Exercise brief: Locate the line containing "ha f)) \<le>", then please write out that line and all the lines below it in the entries exactly.

[Dataset entries]
=== Section Start ===

lemma cint_conv:
  assumes ra: "crep Ma ha a" and rb: "crep Mb hb b" and g: "bounded_borel g"
  shows "cint (conv a b) g = rep_integral Mb hb (translated_integral Ma ha g)"
proof -
  have a: "cmeas a" and b: "cmeas b" using crep_imp_cmeas ra rb by blast+
  obtain Mc hc where rc: "crep Mc hc (conv a b)" using cmeas_imp_crep[OF cmeas_conv[OF a b]]
    by blast
  define \<Phi> where "\<Phi> g = rep_integral Mc hc g - rep_integral Mb hb (translated_integral Ma ha g)"
    for g
  define K where "K = (LINT t|Mc. norm (hc t)) + (LINT t|Ma. norm (ha t))
      * (LINT t|Mb. norm (hb t))"
  have "\<Phi> g = 0"
  proof (rule functional_eq_0_if_vanishes_on_indicators[where \<Phi>=\<Phi> and K=K])
    fix f g assume fg: "bounded_borel f" "bounded_borel g"
    have "translated_integral Ma ha (\<lambda>x. f x + g x) = (\<lambda>t. translated_integral Ma ha f t
        + translated_integral Ma ha g t)"
      using translated_integral_add[OF ra fg] by auto
    then show "\<Phi> (\<lambda>x. f x + g x) = \<Phi> f + \<Phi> g" unfolding \<Phi>_def
      using rep_integral_add[OF rc fg]
        rep_integral_add[OF rb bounded_borel_translated_integral[OF ra fg(1)]
          bounded_borel_translated_integral[OF ra fg(2)]] by simp
  next
    fix c f assume "bounded_borel f"
    have "translated_integral Ma ha (\<lambda>x. c * f x) = (\<lambda>t. c * translated_integral Ma ha f t)"
      using translated_integral_cmult[OF ra] by auto
    then show "\<Phi> (\<lambda>x. c * f x) = c * \<Phi> f" unfolding \<Phi>_def
      using rep_integral_cmult[OF rc] rep_integral_cmult[OF rb] by (simp add: algebra_simps)
  next
    fix A :: "real set" assume A: "A \<in> sets borel"
    have AT: "bsetT (A \<inter> TT)" using A TT_borel unfolding bsetT_def by auto
    have "translated_integral Ma ha (indicator (A \<inter> TT)) = translated_integral Ma ha (indicator A)"
      unfolding translated_integral_def using tor_TT by (auto simp: indicator_def)
    then show "\<Phi> (indicator A) = 0" unfolding \<Phi>_def
      using rep_integral_indicator[OF rc A] conv_eq_rep_integral[OF ra rb AT] by simp
  next
    fix f C assume f: "bounded_borel f" "\<forall>x. norm (f x) \<le> C"
    have "norm (\<Phi> f) \<le> norm (rep_integral Mc hc f)
        + norm (rep_integral Mb hb (translated_integral Ma ha f))"
      unfolding \<Phi>_def by (rule norm_triangle_ineq4)
    also have "\<dots> \<le> C * (LINT t|Mc. norm (hc t)) + (C * (LINT t|Ma. norm (ha t)))
        * (LINT t|Mb. norm (hb t))"
    proof (rule add_mono)
      show "norm (rep_integral Mc hc f) \<le> C * (LINT t|Mc. norm (hc t))"
        using rep_integral_norm_bound[OF rc f(1)] f(2) by auto
      show "norm (rep_integral Mb hb (translated_integral Ma ha f)) \<le> (C * (LINT t|Ma. norm (ha t)))
          * (LINT t|Mb. norm (hb t))"
        by (rule rep_integral_norm_bound[OF rb bounded_borel_translated_integral[OF ra f(1)]])
          (rule translated_integral_norm_bound[OF ra f(1)], use f(2) in auto)
    qed
    also have "\<dots> = K * C" unfolding K_def by (simp add: algebra_simps)
    finally show "norm (\<Phi> f) \<le> K * C" .
  qed (fact g)
  then show ?thesis unfolding \<Phi>_def using cint_eq_rep_integral[OF rc g] by simp
qed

=== Section End ===

Task output:
      show "norm (rep_integral Mb hb (translated_integral Ma ha f)) \<le> (C * (LINT t|Ma. norm (ha t)))
          * (LINT t|Mb. norm (hb t))"
        by (rule rep_integral_norm_bound[OF rb bounded_borel_translated_integral[OF ra f(1)]])
          (rule translated_integral_norm_bound[OF ra f(1)], use f(2) in auto)
    qed
    also have "\<dots> = K * C" unfolding K_def by (simp add: algebra_simps)
    finally show "norm (\<Phi> f) \<le> K * C" .
  qed (fact g)
  then show ?thesis unfolding \<Phi>_def using cint_eq_rep_integral[OF rc g] by simp
qed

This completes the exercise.